Старый Зеведей увидел, что его жена забирается на холм вместе с толпой. Нахмурившись, он сжал посох и, повернувшись к Иакову и двум его спутникам, Филиппу и Нафанаилу; указал на пестрое возбужденное людское скопище.
— Голодные волки, черт бы их побрал! Но лучше уж мы будем выть вместе с ними, чтобы они не приняли нас за овец и не съели! Пошли за ними — но помните, что бы ни болтал этот сын Марии, мы будем лишь смеяться над ним. Слышите? Мы не должны позволить ему обвести нас вокруг пальца. Вперед, все вместе и глядите в оба! — И медленно, приволакивая ногу, он двинулся вслед за всеми.
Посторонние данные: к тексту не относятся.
(* With the notation below, let $D=D_+-D_-\in\mathrm{Div}(C_p)$ with $D_\pm$ effective, and let $(h_i,\mu_i)$, $(h'_j,\mu'_j)$ be finite families in $H_p^+\times\mathbb{R}_+^*$ with $D_+=\sum_i\delta(h_i,\mu_i)$ and $D_-=\sum_j\delta(h'_j,\mu'_j)$. Assume $\deg(D)=0$ and that $h\in H_p$ satisfies $(p-1)h=\sum_ih_i-\sum_jh'_j$. Then the function $f(\lambda)=\sum_i\Theta_{h_i,\mu_i}(\lambda)-\sum_j\Theta_{h'_j,\mu'_j}(\lambda)-h\lambda$ is continuous, piecewise affine with slopes in $H_p$, satisfies $f(p\lambda)=f(\lambda)$ for all $\lambda\in\mathbb{R}_+^*$, and its principal divisor is $(f)=D$.
   Context: Let $p$ be a prime, $H_p=\mathbb{Z}[1/p]$, $H_p^+=H_p\cap(0,\infty)$. $C_p$ is the set of subgroups $H=\lambda H_p\subset\mathbb{R}$, $\lambda>0$. A divisor $D$ on $C_p$ assigns $D(H)\in H$ to each $H\in C_p$, zero for all but finitely many $H$; divisors form the group $\mathrm{Div}(C_p)$; $D$ is effective if $D(H)\geq0$ for all $H$; $\deg(D)=\sum_HD(H)$. For $h\in H_p^+$, $\mu>0$, $\delta(h,\mu)$ is the divisor supported at $\mu h^{-1}H_p$ with value $\mu$ there. For a continuous piecewise affine $f$ on $(0,\infty)$ with slopes in $H_p$ and $f(p\lambda)=f(\lambda)$, the order at $H=\lambda H_p$ is $\mathrm{Ord}_H(f)=h_+-h_-$, $h_\pm=\lim_{\epsilon\to0\pm}(f((1+\epsilon)\lambda)-f(\lambda))/\epsilon$, and $(f)(H)=\mathrm{Ord}_H(f)$. Let $\theta(\lambda)=\sum_{m\geq0}\max(0,1-p^m\lambda)+\sum_{m\geq1}\max(0,p^{-m}\lambda-1)$ and $\Theta_{h,\mu}(\lambda)=\mu\,\theta(\mu^{-1}h\lambda)$. *)

theory Defs
  imports "HOL-Analysis.Analysis"
begin

definition Hp :: "nat \<Rightarrow> real set" where
  "Hp p = {x. \<exists>(k::int) (n::nat). x = real_of_int k / real p ^ n}"

definition Hp_pos :: "nat \<Rightarrow> real set" where
  "Hp_pos p = Hp p \<inter> {0<..}"

definition scaledHp :: "nat \<Rightarrow> real \<Rightarrow> real set" where
  "scaledHp p c = (\<lambda>x. c * x) ` Hp p"

definition Cp :: "nat \<Rightarrow> real set set" where
  "Cp p = {scaledHp p c | c. c > 0}"

text \<open>Divisors on C_p are modelled as functions real set => real, zero outside C_p.\<close>
definition is_divisor :: "nat \<Rightarrow> (real set \<Rightarrow> real) \<Rightarrow> bool" where
  "is_divisor p D \<longleftrightarrow> (\<forall>H. D H \<noteq> 0 \<longrightarrow> H \<in> Cp p) \<and> (\<forall>H \<in> Cp p. D H \<in> H)
     \<and> finite {H. D H \<noteq> 0}"

definition effective :: "(real set \<Rightarrow> real) \<Rightarrow> bool" where
  "effective D \<longleftrightarrow> (\<forall>H. D H \<ge> 0)"

definition deg :: "(real set \<Rightarrow> real) \<Rightarrow> real" where
  "deg D = sum D {H. D H \<noteq> 0}"

definition delta_div :: "nat \<Rightarrow> real \<Rightarrow> real \<Rightarrow> real set \<Rightarrow> real" where
  "delta_div p h \<mu> H = (if H = scaledHp p (\<mu> / h) then \<mu> else 0)"

definition piecewise_affine_Hp :: "nat \<Rightarrow> (real \<Rightarrow> real) \<Rightarrow> bool" where
  "piecewise_affine_Hp p f \<longleftrightarrow> continuous_on {0<..} f \<and>
     (\<forall>a b. 0 < a \<longrightarrow> a < b \<longrightarrow>
       (\<exists>xs::real list. xs \<noteq> [] \<and> sorted xs \<and> hd xs = a \<and> last xs = b \<and>
          (\<forall>k. Suc k < length xs \<longrightarrow>
             (\<exists>s \<in> Hp p. \<exists>c. \<forall>x \<in> {xs ! k .. xs ! Suc k}. f x = s * x + c))))"

text \<open>Ord at the point lambda: h_+ - h_-.\<close>
definition ord_at :: "(real \<Rightarrow> real) \<Rightarrow> real \<Rightarrow> real" where
  "ord_at f l =
     Lim (at_right 0) (\<lambda>e. (f ((1 + e) * l) - f l) / e)
   - Lim (at_left 0) (\<lambda>e. (f ((1 + e) * l) - f l) / e)"

definition principal_div :: "nat \<Rightarrow> (real \<Rightarrow> real) \<Rightarrow> real set \<Rightarrow> real" where
  "principal_div p f H =
     (if H \<in> Cp p then ord_at f (SOME l. l > 0 \<and> H = scaledHp p l) else 0)"

definition theta :: "nat \<Rightarrow> real \<Rightarrow> real" where
  "theta p l = (\<Sum>m. max 0 (1 - real p ^ m * l))
             + (\<Sum>m. max 0 (l / real p ^ Suc m - 1))"

definition Theta :: "nat \<Rightarrow> real \<Rightarrow> real \<Rightarrow> real \<Rightarrow> real" where
  "Theta p h \<mu> l = \<mu> * theta p (h * l / \<mu>)"

end

theory Submission
  imports Defs "HOL-Computational_Algebra.Primes"
begin

text \<open>On every compact window in \<open>(0,\<infinity>)\<close>, \<open>\<Theta>\<^sub>h\<^sub>,\<^sub>\<mu>\<close> is a finite sum of hinges
  \<open>max 0 (\<alpha> \<lambda> + \<beta>)\<close> with slopes \<open>\<alpha> \<in> \<plusminus>h p\<^sup>\<int> \<subseteq> H\<^sub>p\<close>, kinked exactly at the points
  \<open>\<mu> h\<^sup>-\<^sup>1 p\<^sup>k\<close>, where the slope jumps by \<open>\<mu> / \<lambda>\<close>. Hence \<open>f\<close> is continuous and piecewise affine with
  slopes in \<open>H\<^sub>p\<close>, and \<open>Ord\<^sub>H(f)\<close> at \<open>H = \<lambda>H\<^sub>p\<close>, which is \<open>\<lambda>\<close> times the jump of the slope at \<open>\<lambda>\<close>, collects
  \<open>\<mu>\<^sub>i\<close> for every \<open>i\<close> with \<open>\<lambda> \<in> \<mu>\<^sub>i h\<^sub>i\<^sup>-\<^sup>1 p\<^sup>\<int>\<close> and \<open>-\<mu>'\<^sub>j\<close> for every such \<open>j\<close>: this is \<open>D(\<lambda>H\<^sub>p)\<close>. Finally the functional
  equation \<open>\<theta>(p\<lambda>) = \<theta>(\<lambda>) + \<lambda> - 1\<close> gives
  \<open>f(p\<lambda>) = f(\<lambda>) + \<lambda> (\<Sum>h\<^sub>i - \<Sum>h'\<^sub>j - (p - 1) h) - deg D = f(\<lambda>)\<close>.\<close>

lemma Hp_of_int: "real_of_int k \<in> Hp p"
  unfolding Hp_def by (rule CollectI, rule exI[of _ k], rule exI[of _ 0]) simp

lemma Hp_0: "0 \<in> Hp p" and Hp_1: "1 \<in> Hp p"
  using Hp_of_int[of 0 p] Hp_of_int[of 1 p] by simp_all

lemma Hp_power: "real p ^ n \<in> Hp p"
  using Hp_of_int[of "int p ^ n" p] by simp

lemma Hp_divide_power:
  assumes "x \<in> Hp p" shows "x / real p ^ n \<in> Hp p"
proof -
  obtain k m where "x = real_of_int k / real p ^ m" using assms unfolding Hp_def by auto
  then have "x / real p ^ n = real_of_int k / real p ^ (m + n)" by (simp add: power_add)
  then show ?thesis unfolding Hp_def by blast
qed

lemma Hp_uminus:
  assumes "x \<in> Hp p" shows "- x \<in> Hp p"
proof -
  obtain k n where "x = real_of_int k / real p ^ n" using assms unfolding Hp_def by auto
  then have "- x = real_of_int (- k) / real p ^ n" by simp
  then show ?thesis unfolding Hp_def by blast
qed

lemma Hp_add:
  assumes "p > 0" "x \<in> Hp p" "y \<in> Hp p" shows "x + y \<in> Hp p"
proof -
  obtain a n where x: "x = real_of_int a / real p ^ n" using assms(2) unfolding Hp_def by auto
  obtain b m where y: "y = real_of_int b / real p ^ m" using assms(3) unfolding Hp_def by auto
  have "x + y = real_of_int (a * int p ^ m + b * int p ^ n) / real p ^ (n + m)"
    using assms(1) by (simp add: x y field_simps power_add)
  then show ?thesis unfolding Hp_def by blast
qed

lemma Hp_diff: "p > 0 \<Longrightarrow> x \<in> Hp p \<Longrightarrow> y \<in> Hp p \<Longrightarrow> x - y \<in> Hp p"
  using Hp_add[of p x "- y"] Hp_uminus[of y p] by simp

lemma Hp_mult:
  assumes "p > 0" "x \<in> Hp p" "y \<in> Hp p" shows "x * y \<in> Hp p"
proof -
  obtain a n where x: "x = real_of_int a / real p ^ n" using assms(2) unfolding Hp_def by auto
  obtain b m where y: "y = real_of_int b / real p ^ m" using assms(3) unfolding Hp_def by auto
  have "x * y = real_of_int (a * b) / real p ^ (n + m)"
    using assms(1) by (simp add: x y field_simps power_add)
  then show ?thesis unfolding Hp_def by blast
qed

lemma Hp_power_int: "real p powi k \<in> Hp p"
proof (cases "k \<ge> 0")
  case True
  then show ?thesis using Hp_power[of p "nat k"] by (simp add: power_int_def)
next
  case False
  then show ?thesis using Hp_divide_power[OF Hp_1, of p "nat (- k)"] by (simp add: power_int_def field_simps)
qed

lemma scaledHp_mult_power_int:
  assumes "p > 0"
  shows "scaledHp p (c * real p powi k) = scaledHp p c"
proof -
  let ?u = "real p powi k"
  have "(\<lambda>x. ?u * x) ` Hp p = Hp p"
  proof
    show "(\<lambda>x. ?u * x) ` Hp p \<subseteq> Hp p" using Hp_mult[OF assms] Hp_power_int by auto
    show "Hp p \<subseteq> (\<lambda>x. ?u * x) ` Hp p"
    proof
      fix x assume "x \<in> Hp p"
      then have "real p powi (- k) * x \<in> Hp p" using Hp_mult[OF assms Hp_power_int] by blast
      moreover have "x = ?u * (real p powi (- k) * x)" using assms by (simp add: power_int_minus)
      ultimately show "x \<in> (\<lambda>x. ?u * x) ` Hp p" by blast
    qed
  qed
  moreover have "scaledHp p (c * ?u) = (\<lambda>x. c * x) ` ((\<lambda>x. ?u * x) ` Hp p)"
    unfolding scaledHp_def image_image by (simp add: mult.assoc)
  ultimately show ?thesis unfolding scaledHp_def by simp
qed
К берегу подошли оба сына Ионы. Петр держал брата за руку и говорил с ним ласково, чтобы ненароком не разозлить. Но тот беспокойно следил за бредущими по склону людьми и человеком в белом, который шел во главе их.
— Кто это? Куда они идут? — спросил Петр Иуду, который все еще стоял на месте в нерешительности.
— Сын Марии, — ухмыльнулся рыжебородый.
— А толпа за ним?
— Нищие, подбирающие остатки винограда после сбора урожая. Полюбили его с первого взгляда. Похоже, он собирается говорить с ними.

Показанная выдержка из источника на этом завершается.